Worse survival in BRCA1/2 germline mutation carriers receiving ET in HR+/HER2− BC

Inconsistent data have been reported on the prognostic impact of BRCA1/2 mutation in HR+ BC. A retrospective study by Frenel and colleagues included 13,776 patients with metastatic BC (MBC) from the Epidemiological Strategy and Medical Economics (ESME) MBC database, of which 676 and 170 patients were germline BRCA wild-type (gBRCAwt) and germline BRCA mutation (gBRCAm) carriers, respectively. They looked at outcomes and first-line endocrine treatment efficacy in patients with HR+/HER2- MBC, treated in a pre–cyclin-dependent kinase (CDK) 4/6 inhibitors era. The results showed that gBRCAm carriers had shorter overall survival (OS; adjusted hazard ratio [aHR] 1.26; P = .024) and progression-free survival (PFS; aHR 1.21; P = .017) compared with gBRCAwt carriers. Furthermore, among those treated with front-line endocrine therapy, gBRCAm patients had lower adjusted OS (aHR [95% CI] 1.54 [1.03-2.32]) and PFS (aHR [95% CI] 1.58 [1.17-2.12]) compared with gBRCAwt patients. Outcomes were similar for gBRCAm patients who received first-line chemotherapy compared with the gBRCAwt group (OS: aHR [95% CI] 1.12 [0.88-1.41]; first-line PFS: aHR [95% CI] 1.09 [0.90-1.31]).
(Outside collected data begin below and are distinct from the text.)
(* Write Xs = U diag(sigma) V^T and let Y = U diag(0,...,0,sigma_(K+1),...,sigma_m) V^T.
   Singular values are unique (their squares are the eigenvalues of X X^T), so along both
   feasible directions -Y and -Xs the matrices stay in SVD form with shrunk tail, and T_K
   decreases at rate T_K(Xs). With the residual r = A(Xs) - b, d-stationarity along -Y gives
   gamma T_K(Xs) <= -<A^*(r), Y> <= ||A^*||_{2,2} ||r|| T_K(Xs), the last step by duality of the
   spectral and nuclear norms; along -Xs it gives <r, A(Xs)> <= 0, i.e. ||r|| <= ||b||.
   Since gamma > ||A^*||_{2,2} ||b||, this forces T_K(Xs) = 0. *)

definition sv_seq :: "nat \<Rightarrow> (nat \<Rightarrow> real) \<Rightarrow> bool" where
  "sv_seq k s \<longleftrightarrow> (\<forall>i<k. 0 \<le> s i) \<and> (\<forall>i j. i \<le> j \<longrightarrow> j < k \<longrightarrow> s j \<le> s i) \<and> (\<forall>i\<ge>k. s i = 0)"

definition sv_tail :: "nat \<Rightarrow> (nat \<Rightarrow> real) \<Rightarrow> nat \<Rightarrow> real" where
  "sv_tail k s i = (if k \<le> i then s i else 0)"

lemma sv_seq_minus_tail:
  assumes "sv_seq m \<sigma>" and "0 \<le> t" and "t \<le> 1"
  shows "sv_seq m (\<lambda>i. \<sigma> i - t * sv_tail k \<sigma> i)"
  unfolding sv_seq_def
proof (intro conjI allI impI)
  fix i j assume ij: "i \<le> j" "j < m"
  hence \<sigma>: "\<sigma> j \<le> \<sigma> i" "0 \<le> \<sigma> j" using assms(1) unfolding sv_seq_def by auto
  have shrink: "\<sigma> l - t * sv_tail k \<sigma> l = (if k \<le> l then (1 - t) * \<sigma> l else \<sigma> l)" for l
    by (simp add: sv_tail_def algebra_simps)
  have "(1 - t) * \<sigma> j \<le> (1 - t) * \<sigma> i" using \<sigma> assms by (intro mult_left_mono) auto
  moreover have "(1 - t) * \<sigma> j \<le> \<sigma> i" using \<sigma> assms by (intro mult_left_le_one_le[THEN order_trans]) auto
  ultimately show "\<sigma> j - t * sv_tail k \<sigma> j \<le> \<sigma> i - t * sv_tail k \<sigma> i"
    unfolding shrink using ij \<sigma> by auto
qed (use assms in \<open>auto simp: sv_seq_def sv_tail_def algebra_simps mult_left_le_one_le\<close>)

lemma sv_tail_0 [simp]: "sv_tail 0 s = s"
  by (simp add: sv_tail_def fun_eq_iff)

lemma sum_sv_tail: "(\<Sum>i<m. sv_tail k \<sigma> i) = (\<Sum>i\<in>{k..<m}. \<sigma> i)"
proof -
  have "(\<Sum>i<m. sv_tail k \<sigma> i) = (\<Sum>i\<in>{i\<in>{..<m}. k \<le> i}. \<sigma> i)"
    unfolding sv_tail_def by (rule sum.inter_filter[symmetric]) simp
  also have "{i\<in>{..<m}. k \<le> i} = {k..<m}" by auto
  finally show ?thesis .
qed

lemma is_svd_iff:
  assumes "X \<in> carrier_mat m n" and "m \<le> n"
  shows "is_svd X U s V \<longleftrightarrow> orthogonal_mat m U \<and> orthogonal_mat n V \<and> sv_seq m s
    \<and> X = U * rect_diag m n s * transpose_mat V"
proof -
  have "dim_row X = m" "dim_col X = n" "min m n = m" using assms by auto
  thus ?thesis unfolding is_svd_def sv_seq_def by auto
qed

lemma rect_diag_carrier [simp]: "rect_diag m n s \<in> carrier_mat m n"
  by (simp add: rect_diag_def)

lemma orthogonal_matD:
  assumes "orthogonal_mat k U"
  shows "U \<in> carrier_mat k k" "transpose_mat U * U = 1\<^sub>m k" "U * transpose_mat U = 1\<^sub>m k"
proof -
  show c: "U \<in> carrier_mat k k" and e: "transpose_mat U * U = 1\<^sub>m k"
    using assms by (simp_all add: orthogonal_mat_def)
  show "U * transpose_mat U = 1\<^sub>m k"
    by (rule mat_mult_left_right_inverse[OF _ c e]) (use c in simp)
qed

lemma orthogonal_mat_col_vnorm:
  assumes "orthogonal_mat m U" and "k < m"
  shows "vnorm m (\<lambda>r. U $$ (r, k)) = 1"
proof -
  note U = orthogonal_matD[OF assms(1)]
  have "(\<Sum>r<m. U $$ (r, k) * U $$ (r, k)) = (transpose_mat U * U) $$ (k, k)"
    using U(1) assms by (simp add: scalar_prod_def lessThan_atLeast0)
  also have "\<dots> = 1" using U assms by simp
  finally show ?thesis unfolding vnorm_def by (simp add: power2_eq_square)
qed

lemma svd_mat_index:
  assumes "U \<in> carrier_mat m m" and "V \<in> carrier_mat n n" and "m \<le> n" and "r < m" and "c < n"
  shows "(U * rect_diag m n a * transpose_mat V) $$ (r, c) = (\<Sum>k<m. U $$ (r, k) * a k * V $$ (c, k))"
proof -
  have "(U * rect_diag m n a * transpose_mat V) $$ (r, c)
     = (\<Sum>j<n. \<Sum>k<m. U $$ (r, k) * (if k = j then a k else 0) * V $$ (c, j))"
    using assms by (simp add: scalar_prod_def lessThan_atLeast0 rect_diag_def sum_distrib_right)
  also have "\<dots> = (\<Sum>k<m. \<Sum>j<n. if j = k then U $$ (r, k) * a k * V $$ (c, k) else 0)"
    by (subst sum.swap) (intro sum.cong refl, auto)
  also have "\<dots> = (\<Sum>k<m. U $$ (r, k) * a k * V $$ (c, k))"
    using assms by (intro sum.cong refl) auto
  finally show ?thesis .
qed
A previous retrospective study by Lambertini and colleagues, focusing on young patients with gBRCAm, also showed a tendency for a worse distant recurrence-free interval (aHR 1.39; 95% CI  0.94-2.05) in patients with HR+ BC. Additional studies are needed, especially in the setting of an evolving treatment landscape that includes CDK4/6 inhibitors and poly-ADP ribose polymerase (PARP) inhibitors.